Subject: Re: HEAD instability on Xen
To: Antti Kantee <pooka@cs.hut.fi>
From: Manuel Bouyer <bouyer@antioche.eu.org>
List: port-i386
Date: 11/18/2007 21:45:29
On Sun, Nov 18, 2007 at 10:39:34PM +0200, Antti Kantee wrote:
> On Sun Nov 18 2007 at 21:19:15 +0100, Manuel Bouyer wrote:
> > Hi,
> > I've tested a kernel built from HEAD (which I didn't do for some time) and
> > seeing panics when starting xend (this dom0 has only 64Mb RAM allocated).
> > It's always a uvm_fault() on a kernel address, but the fault instruction
> > varies.
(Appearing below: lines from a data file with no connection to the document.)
(* Consider the problem and algorithm AC2CD described in the context. At every inner iteration $(k,i)$, with $p=p^k_i$ and $j=j(k)$: (a) if $\Delta^{k,i} \le \frac{2(1-\gamma)}{L_{p,j}}$, then $\alpha^{k,i} = \Delta^{k,i}$; (b) if $\Delta^{k,i} > \frac{2(1-\gamma)}{L_{p,j}}$, then $\alpha^{k,i} \in \bigl(\frac{2\delta(1-\gamma)}{L_{p,j}}, \Delta^{k,i}\bigr]$. Consequently $\alpha^{k,i} \ge \min\bigl\{\Delta^{k,i}, \frac{2\delta(1-\gamma)}{L_{p,j}}\bigr\}$.
   Context: Problem: minimize $f(x)$ subject to $e^T x = b$ and $l_i \le x_i \le u_i$ ($i=1,\dots,n$), where $n\ge 2$, $e\in\mathbb{R}^n$ is the all-ones vector, $b\in\mathbb{R}$, $l_i\in\mathbb{R}\cup\{-\infty\}$, $u_i\in\mathbb{R}\cup\{+\infty\}$, $l_i<u_i$, and $f:\mathbb{R}^n\to\mathbb{R}$ is continuously differentiable with $\nabla f$ Lipschitz continuous on $\mathbb{R}^n$ with constant $L$. $\mathcal F$ is the feasible set and $e_i$ the $i$th unit vector. For $i\ne j$, $L_{i,j}>0$ are fixed constants such that for every $x\in\mathbb{R}^n$ and $s,t\in\mathbb{R}$, $|\nabla f(x+s(e_i-e_j))^T(e_i-e_j)-\nabla f(x+t(e_i-e_j))^T(e_i-e_j)|\le L_{i,j}|s-t|$; $L_{i,i}=0$ (and $c/0$ is read as $+\infty$ for $c>0$). For $x\in\mathcal F$, $D_h(x)=\min\{x_h-l_h,u_h-x_h\}$. Algorithm AC2CD with parameters $\tau\in(0,1]$, $\gamma,\delta\in(0,1)$, $0<A_l\le A_u<\infty$ and starting point $x^0\in\mathcal F$: for $k=0,1,2,\dots$ (outer iterations): let $D^k=\max_h D_h(x^k)$; choose an index $j(k)$ with $D_{j(k)}(x^k)\ge\tau D^k$; choose a permutation $(p^k_1,\dots,p^k_n)$ of $\{1,\dots,n\}$; set $z^{k,1}=x^k$; for $i=1,\dots,n$ (inner iteration $(k,i)$): set $g^{k,i}=\nabla_{j(k)}f(z^{k,i})-\nabla_{p^k_i}f(z^{k,i})$ and $d^{k,i}=g^{k,i}(e_{p^k_i}-e_{j(k)})$; let $\bar\alpha^{k,i}=\min\{u_{p^k_i}-z^{k,i}_{p^k_i},\,z^{k,i}_{j(k)}-l_{j(k)}\}/g^{k,i}$ if $g^{k,i}>0$, $\bar\alpha^{k,i}=\min\{z^{k,i}_{p^k_i}-l_{p^k_i},\,u_{j(k)}-z^{k,i}_{j(k)}\}/|g^{k,i}|$ if $g^{k,i}<0$, and $\bar\alpha^{k,i}=0$ if $g^{k,i}=0$; choose $A^{k,i}\in[A_l,A_u]$ and set $\Delta^{k,i}=\min\{\bar\alpha^{k,i},A^{k,i}\}$; Armijo line search: start with $\alpha=\Delta^{k,i}$ and, while $f(z^{k,i}+\alpha d^{k,i})>f(z^{k,i})+\gamma\alpha\nabla f(z^{k,i})^Td^{k,i}$, replace $\alpha$ by $\delta\alpha$; let $\alpha^{k,i}$ be the final $\alpha$ and $z^{k,i+1}=z^{k,i}+\alpha^{k,i}d^{k,i}$. Finally $x^{k+1}=z^{k,n+1}$. Standing assumptions: the level set $\mathcal L_0=\{x\in\mathcal F: f(x)\le f(x^0)\}$ is nonempty and compact, and every $x\in\mathcal L_0$ has at least one index $i$ with $l_i<x_i<u_i$. *)

theory Defs
  imports "HOL-Analysis.Analysis" "HOL-Library.Extended_Real"
begin

definition feasible :: "ereal ^ 'n \<Rightarrow> ereal ^ 'n \<Rightarrow> real \<Rightarrow> (real ^ 'n::finite) set" where
  "feasible l u b = {x. (\<Sum>i\<in>UNIV. x $ i) = b \<and> (\<forall>i. l $ i \<le> ereal (x $ i) \<and> ereal (x $ i) \<le> u $ i)}"

definition Dist :: "ereal ^ 'n \<Rightarrow> ereal ^ 'n \<Rightarrow> real ^ 'n \<Rightarrow> 'n \<Rightarrow> ereal" where
  "Dist l u x h = min (ereal (x $ h) - l $ h) (u $ h - ereal (x $ h))"

definition gval :: "(real ^ 'n \<Rightarrow> real ^ 'n) \<Rightarrow> real ^ 'n \<Rightarrow> 'n \<Rightarrow> 'n \<Rightarrow> real" where
  "gval grad z p j = grad z $ j - grad z $ p"

text \<open>Maximal feasible step alpha-bar (possibly +infinity when bounds are infinite).\<close>
definition alpha_bar :: "ereal ^ 'n \<Rightarrow> ereal ^ 'n \<Rightarrow> real ^ 'n \<Rightarrow> 'n \<Rightarrow> 'n \<Rightarrow> real \<Rightarrow> ereal" where
  "alpha_bar l u z p j g =
     (if g > 0 then min (u $ p - ereal (z $ p)) (ereal (z $ j) - l $ j) / ereal g
      else if g < 0 then min (ereal (z $ p) - l $ p) (u $ j - ereal (z $ j)) / ereal \<bar>g\<bar>
      else 0)"

definition armijo :: "(real ^ 'n \<Rightarrow> real) \<Rightarrow> (real ^ 'n \<Rightarrow> real ^ 'n) \<Rightarrow> real ^ 'n \<Rightarrow> real ^ 'n
                      \<Rightarrow> real \<Rightarrow> real \<Rightarrow> real \<Rightarrow> real" where
  "armijo f grad z d Delta \<gamma> \<delta> =
     Delta * \<delta> ^ (LEAST m. f (z + (Delta * \<delta> ^ m) *\<^sub>R d) \<le> f z + \<gamma> * (Delta * \<delta> ^ m) * (grad z \<bullet> d))"

end

theory Submission
  imports Defs
begin

text \<open>Along the coordinate direction d = g (e_p - e_j) the slope of f is -g^2 and the directional
  derivative grows at rate at most L_pj g^2, so by the one-dimensional descent lemma every step
  t >= 0 with L_pj t <= 2(1 - \<gamma>) passes the Armijo test. Backtracking from \<Delta> therefore accepts
  \<Delta> itself when it is that short; otherwise the accepted step is \<delta> times a rejected one, and
  rejected steps exceed 2(1 - \<gamma>)/L_pj. The iteration matters only through the invariant that
  the iterates stay in the box, which makes \<Delta> nonnegative.\<close>

lemma one_sided_descent_lemma:
  fixes h h' :: "real \<Rightarrow> real"
  assumes der: "\<And>s. (h has_real_derivative h' s) (at s)"
    and growth: "\<And>s. 0 \<le> s \<Longrightarrow> h' s - h' 0 \<le> M * s"
    and "0 \<le> t"
  shows "h t \<le> h 0 + t * h' 0 + M * t\<^sup>2 / 2"
proof (cases "t = 0")
  case False
  with \<open>0 \<le> t\<close> have "0 < t" by simp
  define \<psi> where "\<psi> s = h s - s * h' 0 - M * s\<^sup>2 / 2" for s
  have "DERIV \<psi> s :> h' s - h' 0 - M * s" for s
    unfolding \<psi>_def by (auto intro!: derivative_eq_intros der)
  then obtain \<xi> where "0 < \<xi>" "\<psi> t - \<psi> 0 = t * (h' \<xi> - h' 0 - M * \<xi>)"
    using MVT2[OF \<open>0 < t\<close>, of \<psi> "\<lambda>s. h' s - h' 0 - M * s"] by auto
  moreover have "h' \<xi> - h' 0 - M * \<xi> \<le> 0"
    using growth[of \<xi>] \<open>0 < \<xi>\<close> by simp
  ultimately have "\<psi> t \<le> \<psi> 0"
    using \<open>0 < t\<close> by (metis diff_le_0_iff_le less_imp_le mult_nonneg_nonpos)
  then show ?thesis unfolding \<psi>_def by simp
qed simp

lemma has_real_derivative_along_line:
  fixes f :: "'a::real_inner \<Rightarrow> real"
  assumes "\<And>y. (f has_derivative (\<lambda>h. grad y \<bullet> h)) (at y)"
  shows "((\<lambda>s. f (z + s *\<^sub>R d)) has_real_derivative grad (z + s *\<^sub>R d) \<bullet> d) (at s)"
proof -
  have "((\<lambda>s. z + s *\<^sub>R d) has_derivative (\<lambda>s. s *\<^sub>R d)) (at s)"
    by (auto intro!: derivative_eq_intros)
  from has_derivative_compose[OF this assms]
  have "((\<lambda>s. f (z + s *\<^sub>R d)) has_derivative (\<lambda>r. r * (grad (z + s *\<^sub>R d) \<bullet> d))) (at s)"
    by (simp add: o_def)
  then show ?thesis
    by (rule has_derivative_imp_has_field_derivative) simp
qed

lemma descent_lemma_along_line:
  fixes f :: "'a::real_inner \<Rightarrow> real"
  assumes "\<And>y. (f has_derivative (\<lambda>h. grad y \<bullet> h)) (at y)"
    and "\<And>s. 0 \<le> s \<Longrightarrow> grad (z + s *\<^sub>R d) \<bullet> d - grad z \<bullet> d \<le> M * s"
    and "0 \<le> t"
  shows "f (z + t *\<^sub>R d) \<le> f z + t * (grad z \<bullet> d) + M * t\<^sup>2 / 2"
  using one_sided_descent_lemma[where h = "\<lambda>s. f (z + s *\<^sub>R d)" and h' = "\<lambda>s. grad (z + s *\<^sub>R d) \<bullet> d"]
    has_real_derivative_along_line[OF assms(1)] assms(2,3) by simp

lemma armijo_condition_if_short_step:
  fixes f :: "'a::real_inner \<Rightarrow> real"
  assumes "\<And>y. (f has_derivative (\<lambda>h. grad y \<bullet> h)) (at y)"
    and "\<And>s. 0 \<le> s \<Longrightarrow> grad (z + s *\<^sub>R d) \<bullet> d - grad z \<bullet> d \<le> M * s"
    and "0 \<le> t" and short: "M * t \<le> 2 * (1 - \<gamma>) * - (grad z \<bullet> d)"
  shows "f (z + t *\<^sub>R d) \<le> f z + \<gamma> * t * (grad z \<bullet> d)"
proof -
  have "t * ((1 - \<gamma>) * (grad z \<bullet> d) + M * t / 2) \<le> 0"
    using \<open>0 \<le> t\<close> short by (intro mult_nonneg_nonpos) (auto simp: field_simps)
  then have "t * (grad z \<bullet> d) + M * t\<^sup>2 / 2 \<le> \<gamma> * t * (grad z \<bullet> d)"
    by (simp add: algebra_simps power2_eq_square)
  with descent_lemma_along_line[OF assms(1-3)] show ?thesis by simp
qed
Here's a sample of a panic:
> > 
> > Starting xend.
> > uvm_fault(0xc09605c0, 0xc8028000, 1) -> 0xe
> > fatal page fault in supervisor mode
> > trap type 6 code 0 eip c03c8bdd cs 9 eflags 10246 cr2 0 ilevel 0
> > kernel: supervisor trap page fault, code=0
> > Stopped in pid 169.1 (python2.4) at     netbsd:uvm_map_lookup_entry+0x4d:       cmpl     %edi,0x20(%ebx)
> > db> tr
> > uvm_map_lookup_entry(c5db0ac4,8063000,c7fa6690,1,0) at netbsd:uvm_map_lookup_entry+0x4d
> > uvm_fault_internal(c5db0ac4,8063000,2,0,c04db079) at netbsd:uvm_fault_internal+0xdd
> > trap() at netbsd:trap+0x415
> 
> Looks awfully lot like corrupted vm_maps for the newly created process.
> But I don't know why this would be related to xen and specifically
> starting xend.

I think it's because at this point of the boot process, xend is the largest
process, and memory is getting low.

> 
> What do you mean that the fault instruction varies?  Is it still always
> trying to access a vm_map_entry?  I'm guessing the above example was
> from line 1556 in uvm_map.c.

I've also seen it when taking a lock, but I can't remember if the lock was in
a vm_map_entry. I've also seen it in the pool code. It was always handling a
trap after a copyin or copyout though.

-- 
Manuel Bouyer <bouyer@antioche.eu.org>
     NetBSD: 26 ans d'experience feront toujours la difference
--